> Instructions for the task: Copy each line of the listing that includes "commute".

[[ Dataset entries open ]]

lemma cycle_rotate_image:
  assumes "0 < n"
  shows "cycle_rotate n t ` {0..<n} = {0..<n}"
  using assms by (intro endo_inj_surj inj_on_cycle_rotate) (auto simp: cycle_rotate_def)

lemma chi_dom_cycle_rotate:
  assumes "V \<subseteq> {0..<n}"
  shows "chi_dom (cycle_rotate n t ` V) (cycle_adj n) = chi_dom V (cycle_adj n)"
proof (rule chi_dom_bij_betw)
  show "bij_betw (cycle_rotate n t) V (cycle_rotate n t ` V)"
    using inj_on_subset[OF inj_on_cycle_rotate assms] by (rule inj_on_imp_bij_betw)
  show "cycle_adj n (cycle_rotate n t u) (cycle_rotate n t v) = cycle_adj n u v"
    if "u \<in> V" "v \<in> V" for u v
    using that assms by (intro cycle_adj_cycle_rotate) auto
qed

lemma chi_dom_cycle_Diff_rotate:
  assumes "0 < n" "S \<subseteq> {0..<n}"
  shows "chi_dom ({0..<n} - cycle_rotate n t ` S) (cycle_adj n) = chi_dom ({0..<n} - S) (cycle_adj n)"
proof -
  have "cycle_rotate n t ` ({0..<n} - S) = {0..<n} - cycle_rotate n t ` S"
    using inj_on_image_set_diff[OF inj_on_cycle_rotate _ assms(2)] cycle_rotate_image[OF assms(1)]
    by auto
  then show ?thesis using chi_dom_cycle_rotate[of "{0..<n} - S" n t] by auto
qed

lemma chi_dom_cycle_shift:
  assumes "a + m \<le> n"
  shows "chi_dom {a..<a + m} (cycle_adj n) = chi_dom {0..<m} (cycle_adj n)"
proof -
  have "cycle_rotate n a ` {0..<m} = (\<lambda>v. v + a) ` {0..<m}"
    using assms by (intro image_cong) (auto simp: cycle_rotate_def)
  then have "cycle_rotate n a ` {0..<m} = {a..<a + m}" by (simp add: add.commute)
  then show ?thesis using chi_dom_cycle_rotate[of "{0..<m}" n a] assms by auto
qed

section \<open>Initial segments of the cycle\<close>

definition path_chi_dom :: "nat \<Rightarrow> nat" where
  "path_chi_dom m = 2 * (m div 4) + min (m mod 4) 2"

lemma path_chi_dom_4k: "r < 4 \<Longrightarrow> path_chi_dom (4 * k + r) = 2 * k + min r 2"
  unfolding path_chi_dom_def by simp

lemma nat_div_mod_4E:
  fixes m :: nat
  obtains k r where "m = 4 * k + r" "r < 4"
  using div_mult_mod_eq[of m 4] by (metis mod_less_divisor mult.commute zero_less_numeral)

lemma path_chi_dom_add:
  assumes "y + z + 2 = 4 * q"
  shows "path_chi_dom y + path_chi_dom z = 2 * q"
proof -
  obtain i r j s where y: "y = 4 * i + r" "r < 4" and z: "z = 4 * j + s" "s < 4"
    by (metis nat_div_mod_4E)
  have "4 * i + r + (4 * j + s) + 2 = 4 * q" using assms unfolding y z .
  then have "r + s = 2 \<and> i + j + 1 = q \<or> r = 3 \<and> s = 3 \<and> i + j + 2 = q"
    using y(2) z(2) by presburger
  then show ?thesis unfolding y z using y(2) z(2) by (auto simp: path_chi_dom_4k)
qed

[[ Dataset entries closed ]]

> Finished task:
  then have "cycle_rotate n a ` {0..<m} = {a..<a + m}" by (simp add: add.commute)
  using div_mult_mod_eq[of m 4] by (metis mod_less_divisor mult.commute zero_less_numeral)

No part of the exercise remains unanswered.